• [Work to be completed]:
Looking at the listing below, retype exactly the lines starting at the one containing "text \<open>Let \<open>A" and ending at the one containing "and \<open>l\<close>, splitting", both included, and nothing else.

Data to use START

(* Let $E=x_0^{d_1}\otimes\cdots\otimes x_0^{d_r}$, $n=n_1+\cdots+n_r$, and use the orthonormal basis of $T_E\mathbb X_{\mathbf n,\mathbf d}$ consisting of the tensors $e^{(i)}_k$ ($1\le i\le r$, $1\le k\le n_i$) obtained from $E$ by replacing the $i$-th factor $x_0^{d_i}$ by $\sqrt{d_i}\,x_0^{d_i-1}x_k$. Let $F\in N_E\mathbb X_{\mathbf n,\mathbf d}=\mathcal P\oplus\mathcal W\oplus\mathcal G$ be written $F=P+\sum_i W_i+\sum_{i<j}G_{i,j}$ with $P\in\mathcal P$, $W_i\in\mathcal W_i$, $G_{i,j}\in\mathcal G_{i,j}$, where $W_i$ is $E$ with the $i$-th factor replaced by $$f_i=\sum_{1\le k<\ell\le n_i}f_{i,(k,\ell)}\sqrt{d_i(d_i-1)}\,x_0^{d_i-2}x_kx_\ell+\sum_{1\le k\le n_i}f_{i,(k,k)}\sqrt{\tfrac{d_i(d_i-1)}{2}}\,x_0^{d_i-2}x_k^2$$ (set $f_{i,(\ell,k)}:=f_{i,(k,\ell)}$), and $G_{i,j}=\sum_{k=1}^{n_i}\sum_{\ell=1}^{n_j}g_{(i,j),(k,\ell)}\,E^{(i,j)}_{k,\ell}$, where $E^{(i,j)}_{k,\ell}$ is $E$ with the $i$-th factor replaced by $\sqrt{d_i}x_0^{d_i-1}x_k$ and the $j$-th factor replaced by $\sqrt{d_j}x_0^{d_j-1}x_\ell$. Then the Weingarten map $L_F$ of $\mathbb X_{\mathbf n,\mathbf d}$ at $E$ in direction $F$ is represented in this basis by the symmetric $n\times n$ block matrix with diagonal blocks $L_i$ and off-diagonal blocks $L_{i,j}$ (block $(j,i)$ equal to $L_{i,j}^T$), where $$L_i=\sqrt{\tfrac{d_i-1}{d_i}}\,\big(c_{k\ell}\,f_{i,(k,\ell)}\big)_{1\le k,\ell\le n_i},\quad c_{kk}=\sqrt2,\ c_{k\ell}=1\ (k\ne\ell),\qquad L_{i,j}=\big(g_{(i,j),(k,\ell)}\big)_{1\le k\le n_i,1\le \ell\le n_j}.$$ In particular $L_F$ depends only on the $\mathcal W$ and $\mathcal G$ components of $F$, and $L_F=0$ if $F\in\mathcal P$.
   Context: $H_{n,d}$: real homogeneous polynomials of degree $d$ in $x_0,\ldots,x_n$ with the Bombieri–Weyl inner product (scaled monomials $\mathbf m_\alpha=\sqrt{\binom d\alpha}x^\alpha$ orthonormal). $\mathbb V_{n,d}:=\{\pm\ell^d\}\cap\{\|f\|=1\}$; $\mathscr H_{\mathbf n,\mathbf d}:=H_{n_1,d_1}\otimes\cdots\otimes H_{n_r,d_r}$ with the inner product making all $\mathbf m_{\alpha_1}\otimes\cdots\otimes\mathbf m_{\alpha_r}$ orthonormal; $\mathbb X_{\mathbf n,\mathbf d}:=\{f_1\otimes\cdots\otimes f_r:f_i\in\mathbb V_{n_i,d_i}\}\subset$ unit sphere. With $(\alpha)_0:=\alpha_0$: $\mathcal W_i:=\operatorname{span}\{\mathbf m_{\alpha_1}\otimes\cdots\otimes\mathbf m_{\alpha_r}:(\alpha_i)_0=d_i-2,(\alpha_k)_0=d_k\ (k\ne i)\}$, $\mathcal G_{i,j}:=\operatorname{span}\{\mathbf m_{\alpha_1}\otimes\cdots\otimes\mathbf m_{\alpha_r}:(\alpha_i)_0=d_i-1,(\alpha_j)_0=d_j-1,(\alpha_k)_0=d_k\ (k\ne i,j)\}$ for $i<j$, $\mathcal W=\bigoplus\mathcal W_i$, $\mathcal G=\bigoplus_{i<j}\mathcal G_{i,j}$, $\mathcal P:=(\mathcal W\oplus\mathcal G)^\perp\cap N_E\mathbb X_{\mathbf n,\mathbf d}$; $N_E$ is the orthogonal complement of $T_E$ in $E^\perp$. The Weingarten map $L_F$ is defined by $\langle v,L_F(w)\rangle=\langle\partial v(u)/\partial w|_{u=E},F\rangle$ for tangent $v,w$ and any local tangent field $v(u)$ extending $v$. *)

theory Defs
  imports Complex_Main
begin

Data to use END
Data to use START

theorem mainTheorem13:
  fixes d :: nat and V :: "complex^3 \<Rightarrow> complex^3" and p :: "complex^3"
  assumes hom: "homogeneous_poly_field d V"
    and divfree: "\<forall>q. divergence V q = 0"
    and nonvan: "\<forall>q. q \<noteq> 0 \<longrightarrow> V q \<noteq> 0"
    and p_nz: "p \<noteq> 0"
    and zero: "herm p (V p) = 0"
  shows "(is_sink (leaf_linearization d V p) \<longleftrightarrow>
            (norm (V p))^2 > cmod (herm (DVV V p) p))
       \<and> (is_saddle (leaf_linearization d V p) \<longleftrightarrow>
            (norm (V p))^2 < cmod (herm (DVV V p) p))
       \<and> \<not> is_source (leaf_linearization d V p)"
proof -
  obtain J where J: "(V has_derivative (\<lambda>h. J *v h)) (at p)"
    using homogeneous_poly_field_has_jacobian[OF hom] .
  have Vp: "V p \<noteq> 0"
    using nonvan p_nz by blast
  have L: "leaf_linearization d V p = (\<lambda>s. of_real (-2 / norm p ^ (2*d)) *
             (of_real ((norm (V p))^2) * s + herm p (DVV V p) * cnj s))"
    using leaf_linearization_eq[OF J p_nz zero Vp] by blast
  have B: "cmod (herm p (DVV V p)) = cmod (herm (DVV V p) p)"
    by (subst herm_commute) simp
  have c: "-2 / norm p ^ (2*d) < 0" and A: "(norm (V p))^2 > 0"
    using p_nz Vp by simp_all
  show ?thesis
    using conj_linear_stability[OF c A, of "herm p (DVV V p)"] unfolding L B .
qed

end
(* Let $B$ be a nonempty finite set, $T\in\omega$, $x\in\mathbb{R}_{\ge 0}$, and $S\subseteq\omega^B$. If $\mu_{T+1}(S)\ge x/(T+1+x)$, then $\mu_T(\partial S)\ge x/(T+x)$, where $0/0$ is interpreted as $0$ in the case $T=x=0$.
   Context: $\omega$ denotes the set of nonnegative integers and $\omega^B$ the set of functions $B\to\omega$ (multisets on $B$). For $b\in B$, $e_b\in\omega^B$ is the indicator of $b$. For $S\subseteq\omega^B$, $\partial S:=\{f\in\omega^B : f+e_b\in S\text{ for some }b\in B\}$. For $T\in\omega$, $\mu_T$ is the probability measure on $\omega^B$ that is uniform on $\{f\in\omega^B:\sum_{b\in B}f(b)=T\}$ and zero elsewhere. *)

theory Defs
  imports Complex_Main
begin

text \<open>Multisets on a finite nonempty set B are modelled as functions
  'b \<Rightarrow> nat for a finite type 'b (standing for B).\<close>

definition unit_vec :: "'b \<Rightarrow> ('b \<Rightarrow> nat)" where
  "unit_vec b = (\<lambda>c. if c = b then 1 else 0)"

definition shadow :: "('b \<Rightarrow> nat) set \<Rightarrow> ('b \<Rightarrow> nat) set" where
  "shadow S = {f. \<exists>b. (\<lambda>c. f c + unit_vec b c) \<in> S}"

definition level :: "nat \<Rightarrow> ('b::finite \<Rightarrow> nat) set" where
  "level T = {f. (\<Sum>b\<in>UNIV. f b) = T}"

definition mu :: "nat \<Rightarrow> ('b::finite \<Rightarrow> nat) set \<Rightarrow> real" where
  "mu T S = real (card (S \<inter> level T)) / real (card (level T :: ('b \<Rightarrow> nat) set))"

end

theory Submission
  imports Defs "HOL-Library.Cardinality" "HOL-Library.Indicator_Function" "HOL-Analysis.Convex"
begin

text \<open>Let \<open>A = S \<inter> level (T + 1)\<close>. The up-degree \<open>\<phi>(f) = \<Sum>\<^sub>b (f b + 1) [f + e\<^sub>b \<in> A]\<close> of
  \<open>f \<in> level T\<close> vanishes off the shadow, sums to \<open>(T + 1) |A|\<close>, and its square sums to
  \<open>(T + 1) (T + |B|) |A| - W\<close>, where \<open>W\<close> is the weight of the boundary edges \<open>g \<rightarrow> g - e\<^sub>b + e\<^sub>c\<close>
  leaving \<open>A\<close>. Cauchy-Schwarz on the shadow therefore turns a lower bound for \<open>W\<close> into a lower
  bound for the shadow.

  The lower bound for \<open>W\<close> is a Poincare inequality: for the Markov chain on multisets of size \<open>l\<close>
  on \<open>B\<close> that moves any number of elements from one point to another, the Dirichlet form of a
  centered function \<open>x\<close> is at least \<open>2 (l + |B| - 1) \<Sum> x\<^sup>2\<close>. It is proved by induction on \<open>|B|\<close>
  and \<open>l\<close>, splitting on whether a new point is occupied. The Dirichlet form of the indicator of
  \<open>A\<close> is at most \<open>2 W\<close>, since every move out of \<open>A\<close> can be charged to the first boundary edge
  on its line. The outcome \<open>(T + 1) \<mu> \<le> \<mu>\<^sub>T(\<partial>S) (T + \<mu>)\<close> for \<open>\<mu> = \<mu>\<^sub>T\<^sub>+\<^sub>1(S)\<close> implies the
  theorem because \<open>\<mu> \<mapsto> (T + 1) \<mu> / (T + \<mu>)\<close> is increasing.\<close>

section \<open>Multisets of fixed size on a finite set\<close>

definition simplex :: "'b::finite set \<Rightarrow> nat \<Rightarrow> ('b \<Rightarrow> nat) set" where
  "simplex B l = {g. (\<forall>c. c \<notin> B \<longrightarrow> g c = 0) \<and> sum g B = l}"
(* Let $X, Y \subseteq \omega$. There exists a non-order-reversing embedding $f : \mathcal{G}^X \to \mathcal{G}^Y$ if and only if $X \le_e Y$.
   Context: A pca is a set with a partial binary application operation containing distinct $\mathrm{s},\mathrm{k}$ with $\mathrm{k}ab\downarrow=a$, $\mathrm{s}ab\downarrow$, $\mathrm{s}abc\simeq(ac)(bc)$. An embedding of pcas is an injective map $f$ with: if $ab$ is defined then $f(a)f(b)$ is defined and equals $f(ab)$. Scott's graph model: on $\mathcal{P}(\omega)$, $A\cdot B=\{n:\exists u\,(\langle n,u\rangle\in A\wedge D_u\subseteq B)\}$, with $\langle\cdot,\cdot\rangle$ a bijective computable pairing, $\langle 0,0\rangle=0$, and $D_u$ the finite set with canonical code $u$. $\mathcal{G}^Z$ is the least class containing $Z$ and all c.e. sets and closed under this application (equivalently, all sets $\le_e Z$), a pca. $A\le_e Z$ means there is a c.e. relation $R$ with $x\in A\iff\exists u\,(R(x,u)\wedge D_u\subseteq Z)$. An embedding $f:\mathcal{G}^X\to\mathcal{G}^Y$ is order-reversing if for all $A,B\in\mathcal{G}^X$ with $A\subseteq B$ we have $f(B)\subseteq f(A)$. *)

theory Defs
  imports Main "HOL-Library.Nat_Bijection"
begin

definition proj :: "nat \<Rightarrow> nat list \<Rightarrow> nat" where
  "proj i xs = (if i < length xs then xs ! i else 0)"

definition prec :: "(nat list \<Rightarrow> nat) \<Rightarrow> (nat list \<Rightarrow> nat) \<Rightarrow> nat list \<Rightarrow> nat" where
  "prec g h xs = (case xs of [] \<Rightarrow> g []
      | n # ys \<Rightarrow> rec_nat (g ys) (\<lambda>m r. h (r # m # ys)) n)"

Data to use END

• [Response to this task]:
text \<open>Let \<open>A = S \<inter> level (T + 1)\<close>. The up-degree \<open>\<phi>(f) = \<Sum>\<^sub>b (f b + 1) [f + e\<^sub>b \<in> A]\<close> of
  \<open>f \<in> level T\<close> vanishes off the shadow, sums to \<open>(T + 1) |A|\<close>, and its square sums to
  \<open>(T + 1) (T + |B|) |A| - W\<close>, where \<open>W\<close> is the weight of the boundary edges \<open>g \<rightarrow> g - e\<^sub>b + e\<^sub>c\<close>
  leaving \<open>A\<close>. Cauchy-Schwarz on the shadow therefore turns a lower bound for \<open>W\<close> into a lower
  bound for the shadow.

  The lower bound for \<open>W\<close> is a Poincare inequality: for the Markov chain on multisets of size \<open>l\<close>
  on \<open>B\<close> that moves any number of elements from one point to another, the Dirichlet form of a
  centered function \<open>x\<close> is at least \<open>2 (l + |B| - 1) \<Sum> x\<^sup>2\<close>. It is proved by induction on \<open>|B|\<close>
  and \<open>l\<close>, splitting on whether a new point is occupied. The Dirichlet form of the indicator of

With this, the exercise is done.